Problem details — First find the line with "by (auto simp: gsum_simps farc_simps" in the entries below, then set down exactly every line through the line with "using dvd by", that line included.

======== Input

lemma gmor_ses1_mono:
  assumes "b \<le> c"
  shows "gmor (iarc b) (gsum (farc a b) (iarc c)) (ses1_mono b c)"
proof (rule gmorI)
  fix n v assume "v \<in> ghom (iarc b) n"
  then obtain p where v: "v = (p, 0)" and p: "p \<in> yhom (b - n)"
    by (auto simp: iarc_simps)
  have "Y ^ nat (c - b) * p \<in> yhom (c - n)"
    using Y_power_mult_yhom[OF p, of "nat (c - b)"] assms by simp
  with p show "ses1_mono b c v \<in> ghom (gsum (farc a b) (iarc c)) n"
    by (simp add: v ses1_mono_def gsum_simps farc_simps iarc_simps)
qed (auto simp: ses1_mono_def gsum_simps farc_simps iarc_simps algebra_simps)

lemma gmor_ses1_epi:
  assumes "a < b" "b \<le> c"
  shows "gmor (gsum (farc a b) (iarc c)) (farc a c) (ses1_epi b c)"
proof (rule gmorI)
  have "nat (c - a - 1) = nat (c - b) + nat (b - a - 1)"
    using assms by simp
  then have shift: "Y ^ nat (c - a - 1) = Y ^ nat (c - b) * Y ^ nat (b - a - 1)"
    by (simp add: power_add)
  show "ses1_epi b c v \<in> gcar (farc a c)" if "v \<in> gcar (gsum (farc a b) (iarc c))" for v
    using that by (auto simp: ses1_epi_def gsum_simps farc_simps iarc_simps shift mult_dvd_mono)
  fix n v assume "v \<in> ghom (gsum (farc a b) (iarc c)) n"
  then obtain p q r where v: "v = ((p, q), (r, 0))" and dvd: "Y ^ nat (b - a - 1) dvd p"
    and p: "p \<in> yhom (b - 1 - n)" and q: "q \<in> yhom (b - n)" and r: "r \<in> yhom (c - n)"
    by (auto simp: gsum_simps farc_simps iarc_simps)
  have "b - 1 - n + int (nat (c - b)) = c - 1 - n"
    using assms by simp
  then have "Y ^ nat (c - b) * p \<in> yhom (c - 1 - n)"
    by (metis Y_power_mult_yhom p)
  moreover have "Y ^ nat (c - b) * q - r \<in> yhom (c - n)"
    using Y_power_mult_yhom[OF q, of "nat (c - b)"] assms r by (simp add: yhom_diff)
  ultimately show "ses1_epi b c v \<in> ghom (farc a c) n"
    using dvd by (simp add: v ses1_epi_def farc_simps shift mult_dvd_mono)
qed (auto simp: ses1_epi_def gsum_simps farc_simps iarc_simps algebra_simps smult_diff_right)

lemma short_exact_ses1:
  assumes "a < b" "b \<le> c"
  shows "short_exact (iarc b) (gsum (farc a b) (iarc c)) (farc a c) (ses1_mono b c) (ses1_epi b c)"
  unfolding short_exact_def
proof (intro conjI ballI)
  show "gmor (iarc b) (gsum (farc a b) (iarc c)) (ses1_mono b c)"
    using assms(2) by (rule gmor_ses1_mono)
  show "gmor (gsum (farc a b) (iarc c)) (farc a c) (ses1_epi b c)"
    using assms by (rule gmor_ses1_epi)
  show "inj_on (ses1_mono b c) (gcar (iarc b))"
    by (auto simp: inj_on_def ses1_mono_def iarc_simps)
  show "ses1_epi b c ` gcar (gsum (farc a b) (iarc c)) = gcar (farc a c)"
  proof
    show "ses1_epi b c ` gcar (gsum (farc a b) (iarc c)) \<subseteq> gcar (farc a c)"
      using gmor_carrier[OF gmor_ses1_epi[OF assms]] by blast
    show "gcar (farc a c) \<subseteq> ses1_epi b c ` gcar (gsum (farc a b) (iarc c))"
    proof
      fix w assume "w \<in> gcar (farc a c)"
      then obtain u q where w: "w = (Y ^ nat (c - a - 1) * u, q)"
        by (auto simp: farc_simps)
      have "nat (c - a - 1) = nat (c - b) + nat (b - a - 1)"
        using assms by simp
      then have "w = ses1_epi b c ((Y ^ nat (b - a - 1) * u, 0), (- q, 0))"
        by (simp add: w ses1_epi_def power_add mult_ac)
      moreover have "((Y ^ nat (b - a - 1) * u, 0), (- q, 0)) \<in> gcar (gsum (farc a b) (iarc c))"
        by (simp add: gsum_simps farc_simps iarc_simps)
      ultimately show "w \<in> ses1_epi b c ` gcar (gsum (farc a b) (iarc c))"
        by blast
    qed
  qed
  fix v assume "v \<in> gcar (gsum (farc a b) (iarc c))"
  then obtain p q r where v: "v = ((p, q), (r, 0))"
    by (auto simp: gsum_simps iarc_simps)
  show "ses1_epi b c v = gzero (farc a c) \<longleftrightarrow> v \<in> ses1_mono b c ` gcar (iarc b)"
  proof
    assume "ses1_epi b c v = gzero (farc a c)"
    then have "v = ses1_mono b c (q, 0)"
      by (simp add: v ses1_epi_def ses1_mono_def farc_simps)
    then show "v \<in> ses1_mono b c ` gcar (iarc b)"
      by (auto simp: iarc_simps)
  qed (auto simp: ses1_epi_def ses1_mono_def farc_simps iarc_simps)
qed

lemma ses1_not_split:
  assumes "b < c"
  shows "\<not> ses_split (iarc b) (gsum (farc a b) (iarc c)) (ses1_mono b c)"
proof
  let ?A = "iarc b" and ?B = "gsum (farc a b) (iarc c)"
  define m where "m = nat (b - a - 1)"
  define k where "k = nat (c - b)"
  assume "ses_split ?A ?B (ses1_mono b c)"
  then obtain r where r: "gmor ?B ?A r" and retr: "\<And>v. v \<in> gcar ?A \<Longrightarrow> r (ses1_mono b c v) = v"
    by (auto simp: ses_split_def)
  have y_closed: "\<And>w. w \<in> gcar ?B \<Longrightarrow> gy ?B w \<in> gcar ?B"
    by (rule gsum_gy_closed[OF farc_gy_closed iarc_gy_closed])
  have in_B: "((0, 1), (0, 0)) \<in> gcar ?B" "((0, 0), (1, 0)) \<in> gcar ?B" "((Y ^ m, 0), (0, 0)) \<in> gcar ?B"
    by (simp_all add: gsum_simps farc_simps iarc_simps m_def)
  obtain p1 where p1: "r ((0, 1), (0, 0)) = (p1, 0)"
    using gmor_carrier[OF r in_B(1)] by (auto simp: iarc_simps)
  obtain p0 where p0: "r ((0, 0), (1, 0)) = (p0, 0)"
    using gmor_carrier[OF r in_B(2)] by (auto simp: iarc_simps)
  have "r ((0, Y ^ m), (0, 0)) = (0, 0)"
    using gmor_gx[OF r in_B(3)] by (simp add: gsum_simps farc_simps iarc_simps)
  moreover have "r ((0, Y ^ m), (0, 0)) = (Y ^ m * p1, 0)"
    using gmor_gy_funpow[OF r y_closed in_B(1), of m]
    by (simp add: gsum_gy_funpow farc_gy_funpow iarc_gy_funpow p1)
  ultimately have "p1 = 0"
    by simp
  have "r ((0, 0), (Y ^ k, 0)) = (Y ^ k * p0, 0)"
    using gmor_gy_funpow[OF r y_closed in_B(2), of k]
    by (simp add: gsum_gy_funpow farc_gy_funpow iarc_gy_funpow p0)
  then have "(1, 0) = (Y ^ k * p0, 0)"
    using retr[of "(1, 0)"] gmor_gadd[OF r in_B(1), of "((0, 0), (Y ^ k, 0))"] p1 \<open>p1 = 0\<close>
    by (simp add: ses1_mono_def gsum_simps farc_simps iarc_simps k_def)
  then have "Y ^ k dvd Y ^ 0"
    by (metis dvd_triv_left fst_conv power_0)
  then have "k \<le> 0"
    by (simp only: Y_power_dvd_Y_power_iff)
  then show False
    using assms by (simp add: k_def)
qed

subsection \<open>The second sequence\<close>

text \<open>In R: f'(u) = (u, w) for u = y^(c-a-1) w + x v, and g(u, r) = w - y^(b-a) r for
  u = y^(c-b-1) w + x v.\<close>
definition ses2_mono :: "int \<Rightarrow> int \<Rightarrow> relt \<Rightarrow> relt \<times> relt" where
  "ses2_mono a c = (\<lambda>(p, q). ((p, q), (p div Y ^ nat (c - a - 1), 0)))"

================

Answer area —
    by (auto simp: gsum_simps farc_simps iarc_simps)
  have "b - 1 - n + int (nat (c - b)) = c - 1 - n"
    using assms by simp
  then have "Y ^ nat (c - b) * p \<in> yhom (c - 1 - n)"
    by (metis Y_power_mult_yhom p)
  moreover have "Y ^ nat (c - b) * q - r \<in> yhom (c - n)"
    using Y_power_mult_yhom[OF q, of "nat (c - b)"] assms r by (simp add: yhom_diff)
  ultimately show "ses1_epi b c v \<in> ghom (farc a c) n"
    using dvd by (simp add: v ses1_epi_def farc_simps shift mult_dvd_mono)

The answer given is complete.